(* In the setting of the mirror triangle method with inexact $(\delta,L)$-oracle (see context), for every step $k\ge0$ performed by the method and every $x\in Q$, $$A_{k+1}F(x_{k+1})-A_kF(x_k)+V(x,u_{k+1})-V(x,u_k)\le\alpha_{k+1}F(x)+2\delta A_{k+1}.$$
   Context: $\mathbb{R}^n$ carries a norm $\|\cdot\|$ with dual norm $\|\lambda\|_*=\max_{\|\nu\|\le1}\langle\lambda,\nu\rangle$; $Q$ closed convex; $f:Q\to\mathbb{R}$ convex continuous, differentiable with $L$-Lipschitz gradient ($\|\nabla f(x)-\nabla f(y)\|_*\le L\|x-y\|$); $h$ convex on $Q$; $F=f+h$. Prox-function $d$: continuously differentiable, $1$-strongly convex w.r.t. $\|\cdot\|$; $V(x,y)=d(x)-d(y)-\langle\nabla d(y),x-y\rangle$. A $(\delta,L)$-oracle returns for query $y\in Q$ a pair $(f_\delta(y),\nabla f_\delta(y))$ with $0\le f(x)-f_\delta(y)-\langle\nabla f_\delta(y),x-y\rangle\le\frac L2\|x-y\|^2+\delta$ for all $x\in Q$. Method (with $x_0\in Q$, $0<L_0\le L$): $y_0=u_0=x_0$, $L_1=L_0/2$, $\alpha_0=A_0=0$. Step $k+1$ with current $L_{k+1}$: (i) $\alpha_{k+1}$ is the largest root of $A_k+\alpha=L_{k+1}\alpha^2$, $A_{k+1}=A_k+\alpha_{k+1}$; (ii) $y_{k+1}=(\alpha_{k+1}u_k+A_kx_k)/A_{k+1}$; (iii) $u_{k+1}=\arg\min_{x\in Q}\{V(x,u_k)+\alpha_{k+1}(f_\delta(y_{k+1})+\langle\nabla f_\delta(y_{k+1}),x-y_{k+1}\rangle+h(x))\}$; (iv) $x_{k+1}=(\alpha_{k+1}u_{k+1}+A_kx_k)/A_{k+1}$; (v) if $f_\delta(x_{k+1})\le f_\delta(y_{k+1})+\langle\nabla f_\delta(y_{k+1}),x_{k+1}-y_{k+1}\rangle+\frac{L_{k+1}}2\|x_{k+1}-y_{k+1}\|^2+\delta$, set $L_{k+2}=L_{k+1}/2$ and go to the next step; otherwise replace $L_{k+1}$ by $2L_{k+1}$ and repeat step $k+1$. *)

theory Defs
  imports "HOL-Analysis.Analysis"
begin

definition is_norm :: "('a::real_vector \<Rightarrow> real) \<Rightarrow> bool" where
  "is_norm nrm \<longleftrightarrow>
     (\<forall>x. 0 \<le> nrm x) \<and> (\<forall>x. nrm x = 0 \<longleftrightarrow> x = 0) \<and>
     (\<forall>c x. nrm (c *\<^sub>R x) = \<bar>c\<bar> * nrm x) \<and>
     (\<forall>x y. nrm (x + y) \<le> nrm x + nrm y)"

definition dual_norm :: "('a::real_inner \<Rightarrow> real) \<Rightarrow> 'a \<Rightarrow> real" where
  "dual_norm nrm l = Sup ((\<lambda>v. inner l v) ` {v. nrm v \<le> 1})"

definition strongly_convex_on :: "'a::real_vector set \<Rightarrow> ('a \<Rightarrow> real) \<Rightarrow> ('a \<Rightarrow> real) \<Rightarrow> bool" where
  "strongly_convex_on Q nrm d \<longleftrightarrow>
     (\<forall>x\<in>Q. \<forall>y\<in>Q. \<forall>t::real. 0 \<le> t \<and> t \<le> 1 \<longrightarrow>
        d (t *\<^sub>R x + (1 - t) *\<^sub>R y) \<le> t * d x + (1 - t) * d y - t * (1 - t) / 2 * (nrm (x - y))\<^sup>2)"

definition bregman :: "('a::real_inner \<Rightarrow> real) \<Rightarrow> ('a \<Rightarrow> 'a) \<Rightarrow> 'a \<Rightarrow> 'a \<Rightarrow> real" where
  "bregman d gradd x y = d x - d y - inner (gradd y) (x - y)"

Task => Exactly as written, reproduce the whole listing.

Solution to the exercise =>
(* In the setting of the mirror triangle method with inexact $(\delta,L)$-oracle (see context), for every step $k\ge0$ performed by the method and every $x\in Q$, $$A_{k+1}F(x_{k+1})-A_kF(x_k)+V(x,u_{k+1})-V(x,u_k)\le\alpha_{k+1}F(x)+2\delta A_{k+1}.$$
   Context: $\mathbb{R}^n$ carries a norm $\|\cdot\|$ with dual norm $\|\lambda\|_*=\max_{\|\nu\|\le1}\langle\lambda,\nu\rangle$; $Q$ closed convex; $f:Q\to\mathbb{R}$ convex continuous, differentiable with $L$-Lipschitz gradient ($\|\nabla f(x)-\nabla f(y)\|_*\le L\|x-y\|$); $h$ convex on $Q$; $F=f+h$. Prox-function $d$: continuously differentiable, $1$-strongly convex w.r.t. $\|\cdot\|$; $V(x,y)=d(x)-d(y)-\langle\nabla d(y),x-y\rangle$. A $(\delta,L)$-oracle returns for query $y\in Q$ a pair $(f_\delta(y),\nabla f_\delta(y))$ with $0\le f(x)-f_\delta(y)-\langle\nabla f_\delta(y),x-y\rangle\le\frac L2\|x-y\|^2+\delta$ for all $x\in Q$. Method (with $x_0\in Q$, $0<L_0\le L$): $y_0=u_0=x_0$, $L_1=L_0/2$, $\alpha_0=A_0=0$. Step $k+1$ with current $L_{k+1}$: (i) $\alpha_{k+1}$ is the largest root of $A_k+\alpha=L_{k+1}\alpha^2$, $A_{k+1}=A_k+\alpha_{k+1}$; (ii) $y_{k+1}=(\alpha_{k+1}u_k+A_kx_k)/A_{k+1}$; (iii) $u_{k+1}=\arg\min_{x\in Q}\{V(x,u_k)+\alpha_{k+1}(f_\delta(y_{k+1})+\langle\nabla f_\delta(y_{k+1}),x-y_{k+1}\rangle+h(x))\}$; (iv) $x_{k+1}=(\alpha_{k+1}u_{k+1}+A_kx_k)/A_{k+1}$; (v) if $f_\delta(x_{k+1})\le f_\delta(y_{k+1})+\langle\nabla f_\delta(y_{k+1}),x_{k+1}-y_{k+1}\rangle+\frac{L_{k+1}}2\|x_{k+1}-y_{k+1}\|^2+\delta$, set $L_{k+2}=L_{k+1}/2$ and go to the next step; otherwise replace $L_{k+1}$ by $2L_{k+1}$ and repeat step $k+1$. *)

theory Defs
  imports "HOL-Analysis.Analysis"
begin

definition is_norm :: "('a::real_vector \<Rightarrow> real) \<Rightarrow> bool" where
  "is_norm nrm \<longleftrightarrow>
     (\<forall>x. 0 \<le> nrm x) \<and> (\<forall>x. nrm x = 0 \<longleftrightarrow> x = 0) \<and>
     (\<forall>c x. nrm (c *\<^sub>R x) = \<bar>c\<bar> * nrm x) \<and>
     (\<forall>x y. nrm (x + y) \<le> nrm x + nrm y)"

definition dual_norm :: "('a::real_inner \<Rightarrow> real) \<Rightarrow> 'a \<Rightarrow> real" where
  "dual_norm nrm l = Sup ((\<lambda>v. inner l v) ` {v. nrm v \<le> 1})"

definition strongly_convex_on :: "'a::real_vector set \<Rightarrow> ('a \<Rightarrow> real) \<Rightarrow> ('a \<Rightarrow> real) \<Rightarrow> bool" where
  "strongly_convex_on Q nrm d \<longleftrightarrow>
     (\<forall>x\<in>Q. \<forall>y\<in>Q. \<forall>t::real. 0 \<le> t \<and> t \<le> 1 \<longrightarrow>
        d (t *\<^sub>R x + (1 - t) *\<^sub>R y) \<le> t * d x + (1 - t) * d y - t * (1 - t) / 2 * (nrm (x - y))\<^sup>2)"

definition bregman :: "('a::real_inner \<Rightarrow> real) \<Rightarrow> ('a \<Rightarrow> 'a) \<Rightarrow> 'a \<Rightarrow> 'a \<Rightarrow> real" where
  "bregman d gradd x y = d x - d y - inner (gradd y) (x - y)"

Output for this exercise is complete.